- [REQUIREMENT]: Line by line, transcribe the listing below exactly.

- [DATASET]:
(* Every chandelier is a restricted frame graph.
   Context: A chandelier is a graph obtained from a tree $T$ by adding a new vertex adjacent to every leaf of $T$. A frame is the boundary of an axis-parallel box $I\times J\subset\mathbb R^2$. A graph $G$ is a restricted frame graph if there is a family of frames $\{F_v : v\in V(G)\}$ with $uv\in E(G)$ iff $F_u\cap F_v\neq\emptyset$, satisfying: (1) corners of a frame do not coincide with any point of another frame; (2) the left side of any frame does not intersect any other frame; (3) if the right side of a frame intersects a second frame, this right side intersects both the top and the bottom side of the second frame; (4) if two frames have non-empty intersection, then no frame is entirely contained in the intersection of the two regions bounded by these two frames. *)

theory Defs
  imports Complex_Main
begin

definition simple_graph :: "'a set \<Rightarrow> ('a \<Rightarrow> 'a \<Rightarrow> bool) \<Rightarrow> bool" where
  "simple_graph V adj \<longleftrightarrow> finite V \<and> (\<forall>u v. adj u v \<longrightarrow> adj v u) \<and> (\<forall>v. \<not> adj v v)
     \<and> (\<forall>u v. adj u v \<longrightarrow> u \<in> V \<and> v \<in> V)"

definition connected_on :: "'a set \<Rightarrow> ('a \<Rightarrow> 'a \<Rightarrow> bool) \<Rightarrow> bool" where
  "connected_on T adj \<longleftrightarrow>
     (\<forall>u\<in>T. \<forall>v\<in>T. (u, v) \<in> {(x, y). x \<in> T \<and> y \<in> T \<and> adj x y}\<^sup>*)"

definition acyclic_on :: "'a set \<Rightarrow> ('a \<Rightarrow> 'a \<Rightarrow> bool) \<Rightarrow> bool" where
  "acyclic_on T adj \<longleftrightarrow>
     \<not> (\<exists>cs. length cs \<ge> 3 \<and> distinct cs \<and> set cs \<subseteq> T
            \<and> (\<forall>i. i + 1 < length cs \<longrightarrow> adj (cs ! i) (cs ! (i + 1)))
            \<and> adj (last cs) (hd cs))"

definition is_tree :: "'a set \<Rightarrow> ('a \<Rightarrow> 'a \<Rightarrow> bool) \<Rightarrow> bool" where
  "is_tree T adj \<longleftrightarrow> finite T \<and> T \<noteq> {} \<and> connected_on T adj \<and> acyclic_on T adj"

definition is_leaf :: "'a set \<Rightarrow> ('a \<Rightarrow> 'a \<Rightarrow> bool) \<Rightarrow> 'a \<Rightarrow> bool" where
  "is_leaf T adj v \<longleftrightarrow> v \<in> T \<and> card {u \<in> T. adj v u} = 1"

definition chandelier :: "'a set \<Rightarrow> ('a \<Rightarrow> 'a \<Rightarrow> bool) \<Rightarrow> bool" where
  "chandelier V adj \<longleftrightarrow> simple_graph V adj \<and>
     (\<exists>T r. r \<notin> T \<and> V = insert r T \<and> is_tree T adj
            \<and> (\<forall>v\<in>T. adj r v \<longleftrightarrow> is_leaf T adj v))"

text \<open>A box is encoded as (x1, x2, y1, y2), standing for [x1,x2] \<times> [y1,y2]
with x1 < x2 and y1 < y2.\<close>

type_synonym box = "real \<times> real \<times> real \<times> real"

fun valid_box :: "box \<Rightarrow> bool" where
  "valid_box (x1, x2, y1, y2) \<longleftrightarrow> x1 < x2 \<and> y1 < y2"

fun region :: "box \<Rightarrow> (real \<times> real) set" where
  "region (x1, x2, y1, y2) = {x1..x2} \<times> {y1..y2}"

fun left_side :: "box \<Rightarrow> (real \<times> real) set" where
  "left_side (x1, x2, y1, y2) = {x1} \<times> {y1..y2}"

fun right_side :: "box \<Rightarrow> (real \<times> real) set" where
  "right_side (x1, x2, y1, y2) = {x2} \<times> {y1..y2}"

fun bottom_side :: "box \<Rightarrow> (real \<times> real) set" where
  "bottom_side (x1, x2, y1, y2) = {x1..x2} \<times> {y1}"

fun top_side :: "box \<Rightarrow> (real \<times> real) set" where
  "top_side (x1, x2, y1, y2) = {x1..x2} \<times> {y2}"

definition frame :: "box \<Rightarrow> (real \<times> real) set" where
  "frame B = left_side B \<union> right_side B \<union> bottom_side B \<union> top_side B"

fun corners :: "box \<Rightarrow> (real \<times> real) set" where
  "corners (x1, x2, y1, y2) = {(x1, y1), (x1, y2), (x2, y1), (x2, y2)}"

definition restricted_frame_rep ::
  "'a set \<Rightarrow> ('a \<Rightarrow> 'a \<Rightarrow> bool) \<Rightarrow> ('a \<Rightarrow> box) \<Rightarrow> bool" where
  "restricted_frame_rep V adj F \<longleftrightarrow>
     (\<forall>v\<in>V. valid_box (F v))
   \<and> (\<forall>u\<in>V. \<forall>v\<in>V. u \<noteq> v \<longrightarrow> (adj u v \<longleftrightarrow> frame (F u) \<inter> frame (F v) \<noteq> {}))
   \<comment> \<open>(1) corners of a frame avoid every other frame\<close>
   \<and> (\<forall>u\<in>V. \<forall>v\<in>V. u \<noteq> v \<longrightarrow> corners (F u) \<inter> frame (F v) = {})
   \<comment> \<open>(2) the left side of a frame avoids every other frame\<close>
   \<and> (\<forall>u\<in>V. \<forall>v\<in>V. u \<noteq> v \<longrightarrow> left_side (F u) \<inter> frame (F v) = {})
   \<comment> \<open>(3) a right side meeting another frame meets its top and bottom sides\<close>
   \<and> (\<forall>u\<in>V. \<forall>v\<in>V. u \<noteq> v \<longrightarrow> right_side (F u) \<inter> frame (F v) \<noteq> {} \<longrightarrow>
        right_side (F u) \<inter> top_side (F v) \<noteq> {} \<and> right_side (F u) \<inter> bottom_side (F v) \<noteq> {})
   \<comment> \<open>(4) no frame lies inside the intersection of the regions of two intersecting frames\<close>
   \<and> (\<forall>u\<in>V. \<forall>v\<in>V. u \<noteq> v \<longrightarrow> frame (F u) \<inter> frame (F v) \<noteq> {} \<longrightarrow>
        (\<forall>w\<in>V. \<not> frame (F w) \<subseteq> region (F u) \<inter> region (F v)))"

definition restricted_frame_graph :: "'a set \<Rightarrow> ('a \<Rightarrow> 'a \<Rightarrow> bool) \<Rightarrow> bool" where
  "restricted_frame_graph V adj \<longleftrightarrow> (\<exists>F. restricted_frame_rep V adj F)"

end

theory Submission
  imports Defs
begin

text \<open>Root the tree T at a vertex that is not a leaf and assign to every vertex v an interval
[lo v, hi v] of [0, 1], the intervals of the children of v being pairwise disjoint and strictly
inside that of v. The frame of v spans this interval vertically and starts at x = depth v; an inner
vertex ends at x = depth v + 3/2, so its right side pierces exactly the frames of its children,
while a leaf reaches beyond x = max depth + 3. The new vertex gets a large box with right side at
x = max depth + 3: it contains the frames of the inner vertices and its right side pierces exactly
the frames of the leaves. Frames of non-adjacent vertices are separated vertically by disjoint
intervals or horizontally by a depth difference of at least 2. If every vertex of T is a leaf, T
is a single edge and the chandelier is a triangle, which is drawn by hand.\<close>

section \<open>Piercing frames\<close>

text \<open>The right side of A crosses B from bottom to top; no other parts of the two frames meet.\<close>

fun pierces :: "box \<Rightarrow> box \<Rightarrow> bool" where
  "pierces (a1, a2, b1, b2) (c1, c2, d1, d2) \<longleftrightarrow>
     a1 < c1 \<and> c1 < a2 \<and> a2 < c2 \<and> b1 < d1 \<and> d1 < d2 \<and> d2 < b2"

- [REPLY]:
(* Every chandelier is a restricted frame graph.
   Context: A chandelier is a graph obtained from a tree $T$ by adding a new vertex adjacent to every leaf of $T$. A frame is the boundary of an axis-parallel box $I\times J\subset\mathbb R^2$. A graph $G$ is a restricted frame graph if there is a family of frames $\{F_v : v\in V(G)\}$ with $uv\in E(G)$ iff $F_u\cap F_v\neq\emptyset$, satisfying: (1) corners of a frame do not coincide with any point of another frame; (2) the left side of any frame does not intersect any other frame; (3) if the right side of a frame intersects a second frame, this right side intersects both the top and the bottom side of the second frame; (4) if two frames have non-empty intersection, then no frame is entirely contained in the intersection of the two regions bounded by these two frames. *)

theory Defs
  imports Complex_Main
begin

definition simple_graph :: "'a set \<Rightarrow> ('a \<Rightarrow> 'a \<Rightarrow> bool) \<Rightarrow> bool" where
  "simple_graph V adj \<longleftrightarrow> finite V \<and> (\<forall>u v. adj u v \<longrightarrow> adj v u) \<and> (\<forall>v. \<not> adj v v)
     \<and> (\<forall>u v. adj u v \<longrightarrow> u \<in> V \<and> v \<in> V)"

definition connected_on :: "'a set \<Rightarrow> ('a \<Rightarrow> 'a \<Rightarrow> bool) \<Rightarrow> bool" where
  "connected_on T adj \<longleftrightarrow>
     (\<forall>u\<in>T. \<forall>v\<in>T. (u, v) \<in> {(x, y). x \<in> T \<and> y \<in> T \<and> adj x y}\<^sup>*)"

definition acyclic_on :: "'a set \<Rightarrow> ('a \<Rightarrow> 'a \<Rightarrow> bool) \<Rightarrow> bool" where
  "acyclic_on T adj \<longleftrightarrow>
     \<not> (\<exists>cs. length cs \<ge> 3 \<and> distinct cs \<and> set cs \<subseteq> T
            \<and> (\<forall>i. i + 1 < length cs \<longrightarrow> adj (cs ! i) (cs ! (i + 1)))
            \<and> adj (last cs) (hd cs))"

definition is_tree :: "'a set \<Rightarrow> ('a \<Rightarrow> 'a \<Rightarrow> bool) \<Rightarrow> bool" where
  "is_tree T adj \<longleftrightarrow> finite T \<and> T \<noteq> {} \<and> connected_on T adj \<and> acyclic_on T adj"

definition is_leaf :: "'a set \<Rightarrow> ('a \<Rightarrow> 'a \<Rightarrow> bool) \<Rightarrow> 'a \<Rightarrow> bool" where
  "is_leaf T adj v \<longleftrightarrow> v \<in> T \<and> card {u \<in> T. adj v u} = 1"

definition chandelier :: "'a set \<Rightarrow> ('a \<Rightarrow> 'a \<Rightarrow> bool) \<Rightarrow> bool" where
  "chandelier V adj \<longleftrightarrow> simple_graph V adj \<and>
     (\<exists>T r. r \<notin> T \<and> V = insert r T \<and> is_tree T adj
            \<and> (\<forall>v\<in>T. adj r v \<longleftrightarrow> is_leaf T adj v))"

text \<open>A box is encoded as (x1, x2, y1, y2), standing for [x1,x2] \<times> [y1,y2]
with x1 < x2 and y1 < y2.\<close>

type_synonym box = "real \<times> real \<times> real \<times> real"

fun valid_box :: "box \<Rightarrow> bool" where
  "valid_box (x1, x2, y1, y2) \<longleftrightarrow> x1 < x2 \<and> y1 < y2"

fun region :: "box \<Rightarrow> (real \<times> real) set" where
  "region (x1, x2, y1, y2) = {x1..x2} \<times> {y1..y2}"

fun left_side :: "box \<Rightarrow> (real \<times> real) set" where
  "left_side (x1, x2, y1, y2) = {x1} \<times> {y1..y2}"

fun right_side :: "box \<Rightarrow> (real \<times> real) set" where
  "right_side (x1, x2, y1, y2) = {x2} \<times> {y1..y2}"

fun bottom_side :: "box \<Rightarrow> (real \<times> real) set" where
  "bottom_side (x1, x2, y1, y2) = {x1..x2} \<times> {y1}"

fun top_side :: "box \<Rightarrow> (real \<times> real) set" where
  "top_side (x1, x2, y1, y2) = {x1..x2} \<times> {y2}"

definition frame :: "box \<Rightarrow> (real \<times> real) set" where
  "frame B = left_side B \<union> right_side B \<union> bottom_side B \<union> top_side B"

fun corners :: "box \<Rightarrow> (real \<times> real) set" where
  "corners (x1, x2, y1, y2) = {(x1, y1), (x1, y2), (x2, y1), (x2, y2)}"

definition restricted_frame_rep ::
  "'a set \<Rightarrow> ('a \<Rightarrow> 'a \<Rightarrow> bool) \<Rightarrow> ('a \<Rightarrow> box) \<Rightarrow> bool" where
  "restricted_frame_rep V adj F \<longleftrightarrow>
     (\<forall>v\<in>V. valid_box (F v))
   \<and> (\<forall>u\<in>V. \<forall>v\<in>V. u \<noteq> v \<longrightarrow> (adj u v \<longleftrightarrow> frame (F u) \<inter> frame (F v) \<noteq> {}))
   \<comment> \<open>(1) corners of a frame avoid every other frame\<close>
   \<and> (\<forall>u\<in>V. \<forall>v\<in>V. u \<noteq> v \<longrightarrow> corners (F u) \<inter> frame (F v) = {})
   \<comment> \<open>(2) the left side of a frame avoids every other frame\<close>
   \<and> (\<forall>u\<in>V. \<forall>v\<in>V. u \<noteq> v \<longrightarrow> left_side (F u) \<inter> frame (F v) = {})
   \<comment> \<open>(3) a right side meeting another frame meets its top and bottom sides\<close>
   \<and> (\<forall>u\<in>V. \<forall>v\<in>V. u \<noteq> v \<longrightarrow> right_side (F u) \<inter> frame (F v) \<noteq> {} \<longrightarrow>
        right_side (F u) \<inter> top_side (F v) \<noteq> {} \<and> right_side (F u) \<inter> bottom_side (F v) \<noteq> {})
   \<comment> \<open>(4) no frame lies inside the intersection of the regions of two intersecting frames\<close>
   \<and> (\<forall>u\<in>V. \<forall>v\<in>V. u \<noteq> v \<longrightarrow> frame (F u) \<inter> frame (F v) \<noteq> {} \<longrightarrow>
        (\<forall>w\<in>V. \<not> frame (F w) \<subseteq> region (F u) \<inter> region (F v)))"

definition restricted_frame_graph :: "'a set \<Rightarrow> ('a \<Rightarrow> 'a \<Rightarrow> bool) \<Rightarrow> bool" where
  "restricted_frame_graph V adj \<longleftrightarrow> (\<exists>F. restricted_frame_rep V adj F)"

end

theory Submission
  imports Defs
begin

text \<open>Root the tree T at a vertex that is not a leaf and assign to every vertex v an interval
[lo v, hi v] of [0, 1], the intervals of the children of v being pairwise disjoint and strictly
inside that of v. The frame of v spans this interval vertically and starts at x = depth v; an inner
vertex ends at x = depth v + 3/2, so its right side pierces exactly the frames of its children,
while a leaf reaches beyond x = max depth + 3. The new vertex gets a large box with right side at
x = max depth + 3: it contains the frames of the inner vertices and its right side pierces exactly
the frames of the leaves. Frames of non-adjacent vertices are separated vertically by disjoint
intervals or horizontally by a depth difference of at least 2. If every vertex of T is a leaf, T
is a single edge and the chandelier is a triangle, which is drawn by hand.\<close>

section \<open>Piercing frames\<close>

text \<open>The right side of A crosses B from bottom to top; no other parts of the two frames meet.\<close>

fun pierces :: "box \<Rightarrow> box \<Rightarrow> bool" where
  "pierces (a1, a2, b1, b2) (c1, c2, d1, d2) \<longleftrightarrow>
     a1 < c1 \<and> c1 < a2 \<and> a2 < c2 \<and> b1 < d1 \<and> d1 < d2 \<and> d2 < b2"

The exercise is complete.